ACL tear is one of the most common sports-related injuries. With increasing life expectancy and physiological health, the participation in highly demanding activities in the middle-aged population is increasing.1 Therefore, the risk of ACL tears is becoming more frequent also in this age group.2

In young and active patients, ACL reconstruction has been regarded as a reliable procedure with excellent outcome for ACL tears.3 Traditionally, conservative treatments are mostly adopted in middle-aged and older patients.4 Studies reported that this procedure was associated with post-operative complications such as stiffness, residual pain and progression toward osteoarthritis (OA) with remarkable modifications of activity levels and lifestyles.4 So, actually more middle-aged patients have undergone ACL reconstruction to prevent decreased knee function and to maintain an active lifestyle.
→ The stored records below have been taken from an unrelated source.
(* Let $N=n$ be prime, $f=x_1^N+\dots+x_N^N$, $S\subseteq S_N$, $G=S\ltimes\mathrm{SL}_f$. Let $\sigma=\prod_{a=1}^p\sigma_a\in S$ be a disjoint cycle decomposition (length-1 cycles included) with supports $I_a$, let $\widetilde x_{a}=\sum_{k\in I_a}x_k$, and let $X=\prod_{a=1}^p\lfloor\widetilde x_{a}^{r_a}\rfloor\xi_{\sigma_a}\in\mathcal A'_{f,\sigma}$ with $0\le r_a\le N-2$. For each $a$ let $k_a\in\{1,\dots,N-1\}$ be the unique integer with $r_a+1\equiv k_a|\sigma_a|\pmod N$. If $X$ is nonzero in $\mathcal A_{f,G}$, i.e. $X$ is invariant under $Z_G(\sigma)$, then $k_a=k_b$ for all $1\le a,b\le p$.
   Context: $\zeta=\exp(2\pi\sqrt{-1}/N)$; $t_k$ multiplies $x_k$ by $\zeta$; $G_f^d=\langle t_1,\dots,t_N\rangle$, $\mathrm{SL}_f=\{g\in G_f^d:\det g=1\}$; $S_N$ permutes coordinates. For $u\in S_N\ltimes G_f^d$: $\mathrm{Fix}(u)$ is the eigenvalue-1 subspace, $M_u$ the sum of the other eigenspaces, $\mathcal A'_{f,u}=\mathrm{Jac}(f|_{\mathrm{Fix}(u)})\,\xi_u$ with formal generator $\xi_u$; for a permutation $\sigma=\prod_a\sigma_a$ one writes $\xi_\sigma=\prod_a\xi_{\sigma_a}$ and $\lfloor\prod_a\widetilde x_a^{r_a}\rfloor\xi_\sigma=\prod_a\lfloor\widetilde x_a^{r_a}\rfloor\xi_{\sigma_a}$. For $v\in Z_G(u)$, $v^*(\lfloor\phi(\mathbf x)\rfloor\xi_u)=\det(v|_{M_u})^{-1}\lfloor\phi(v\cdot\mathbf x)\rfloor\xi_u$. The phase space is $\mathcal A_{f,G}=\bigoplus_{u\in\mathcal C^G}(\mathcal A'_{f,u})^{Z_G(u)}$, $\mathcal C^G$ a set of conjugacy class representatives. *)

theory Defs
  imports Complex_Main "Jordan_Normal_Form.Determinant" "HOL-Combinatorics.Permutations"
begin

text \<open>Coordinates are indexed by 0..N-1; vectors are complex vectors of dimension N,
  group elements are N x N complex matrices acting on column vectors.\<close>

definition zeta :: "nat \<Rightarrow> complex" where
  "zeta N = cis (2 * pi / real N)"

definition perm_mat :: "nat \<Rightarrow> (nat \<Rightarrow> nat) \<Rightarrow> complex mat" where
  "perm_mat N \<tau> = mat N N (\<lambda>(i,j). if i = \<tau> j then 1 else 0)"

text \<open>Diagonal element t_1^(a 0) ... t_N^(a (N-1)) of G_f^d.\<close>
definition diag_el :: "nat \<Rightarrow> (nat \<Rightarrow> nat) \<Rightarrow> complex mat" where
  "diag_el N a = mat N N (\<lambda>(i,j). if i = j then zeta N ^ a i else 0)"

definition Gd :: "nat \<Rightarrow> complex mat set" where
  "Gd N = {diag_el N a | a. True}"

definition SLf :: "nat \<Rightarrow> complex mat set" where
  "SLf N = {g \<in> Gd N. det g = 1}"

definition Ggrp :: "nat \<Rightarrow> (nat \<Rightarrow> nat) set \<Rightarrow> complex mat set" where
  "Ggrp N S = {perm_mat N \<tau> * g | \<tau> g. \<tau> \<in> S \<and> g \<in> SLf N}"

definition centralizer :: "complex mat set \<Rightarrow> complex mat \<Rightarrow> complex mat set" where
  "centralizer G u = {v \<in> G. v * u = u * v}"

definition Fix :: "nat \<Rightarrow> complex mat \<Rightarrow> complex vec set" where
  "Fix N u = {x \<in> carrier_vec N. u *\<^sub>v x = x}"

definition vsum :: "nat \<Rightarrow> complex vec list \<Rightarrow> complex vec" where
  "vsum N ys = foldr (+) ys (0\<^sub>v N)"

definition lincomb :: "nat \<Rightarrow> (nat \<Rightarrow> complex) \<Rightarrow> complex vec list \<Rightarrow> complex vec" where
  "lincomb N c bs = vsum N (map (\<lambda>i. c i \<cdot>\<^sub>v bs ! i) [0..<length bs])"

definition Mspace :: "nat \<Rightarrow> complex mat \<Rightarrow> complex vec set" where
  "Mspace N u = {vsum N ys | ys. \<forall>y \<in> set ys. y \<in> carrier_vec N \<and>
       (\<exists>c. c \<noteq> 1 \<and> u *\<^sub>v y = c \<cdot>\<^sub>v y)}"

text \<open>Determinant of the restriction of v to a v-invariant subspace W,
  computed in some basis bs of W (independent of the choice).\<close>
definition is_basis :: "nat \<Rightarrow> complex vec list \<Rightarrow> complex vec set \<Rightarrow> bool" where
  "is_basis N bs W \<longleftrightarrow> set bs \<subseteq> carrier_vec N \<and>
     (\<forall>c. lincomb N c bs = 0\<^sub>v N \<longrightarrow> (\<forall>i < length bs. c i = 0)) \<and>
     W = {lincomb N c bs | c. True}"

definition det_restr :: "nat \<Rightarrow> complex mat \<Rightarrow> complex vec set \<Rightarrow> complex" where
  "det_restr N v W = (SOME d. \<exists>bs A. is_basis N bs W \<and>
      A \<in> carrier_mat (length bs) (length bs) \<and>
      (\<forall>j < length bs. v *\<^sub>v (bs ! j) = lincomb N (\<lambda>i. A $$ (i, j)) bs) \<and>
      d = det A)"

inductive_set polyfun :: "nat \<Rightarrow> (complex vec \<Rightarrow> complex) set" for N where
  const: "(\<lambda>x. c) \<in> polyfun N"
| coord: "i < N \<Longrightarrow> (\<lambda>x. x $ i) \<in> polyfun N"
| add: "p \<in> polyfun N \<Longrightarrow> q \<in> polyfun N \<Longrightarrow> (\<lambda>x. p x + q x) \<in> polyfun N"
| mult: "p \<in> polyfun N \<Longrightarrow> q \<in> polyfun N \<Longrightarrow> (\<lambda>x. p x * q x) \<in> polyfun N"

definition fermat :: "nat \<Rightarrow> complex vec \<Rightarrow> complex" where
  "fermat N x = (\<Sum>i<N. (x $ i) ^ N)"

definition dir_deriv :: "nat \<Rightarrow> (complex vec \<Rightarrow> complex) \<Rightarrow> complex vec \<Rightarrow> complex vec \<Rightarrow> complex" where
  "dir_deriv N F w x = (THE D. ((\<lambda>t. F (x + t \<cdot>\<^sub>v w)) has_field_derivative D) (at 0))"

text \<open>Equality of classes in Jac(F|_V): the difference, as a polynomial function on the
  linear subspace V, lies in the ideal generated by the partial derivatives of F|_V
  (i.e. by the directional derivatives of F along vectors of V, restricted to V).\<close>
definition jac_eq :: "nat \<Rightarrow> (complex vec \<Rightarrow> complex) \<Rightarrow> complex vec set
     \<Rightarrow> (complex vec \<Rightarrow> complex) \<Rightarrow> (complex vec \<Rightarrow> complex) \<Rightarrow> bool" where
  "jac_eq N F V \<phi> \<psi> \<longleftrightarrow> (\<exists>ws hs. length ws = length hs \<and> set ws \<subseteq> V \<and> set hs \<subseteq> polyfun N \<and>
      (\<forall>x \<in> V. \<phi> x - \<psi> x = (\<Sum>i<length ws. (hs ! i) x * dir_deriv N F (ws ! i) x)))"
A growing body of evidence has broadly changed the approach of the surgeons toward the management of the ACL tears in middle-aged patients.5–18 Several systematic reviews and meta-analysis19,20 have demonstrated that ACL reconstruction for patients older than 40 years could have comparable clinical outcomes as younger patients, including a greater return to sport activity. Moreover, although few studies have evaluated the outcomes of ACL reconstruction in patients with a cut-off of older than 50 years, a systematic review and a meta-analysis recently claimed that age was no longer a criterion contraindicating ACL reconstruction.21,22

The aim of the present meta-analysis was to update the literature on the safety of ACL reconstruction in patients aged 50 years and older. It has been hypothesized that patients older than 50 years would have comparable clinical and functional outcomes after ACLR than younger patients.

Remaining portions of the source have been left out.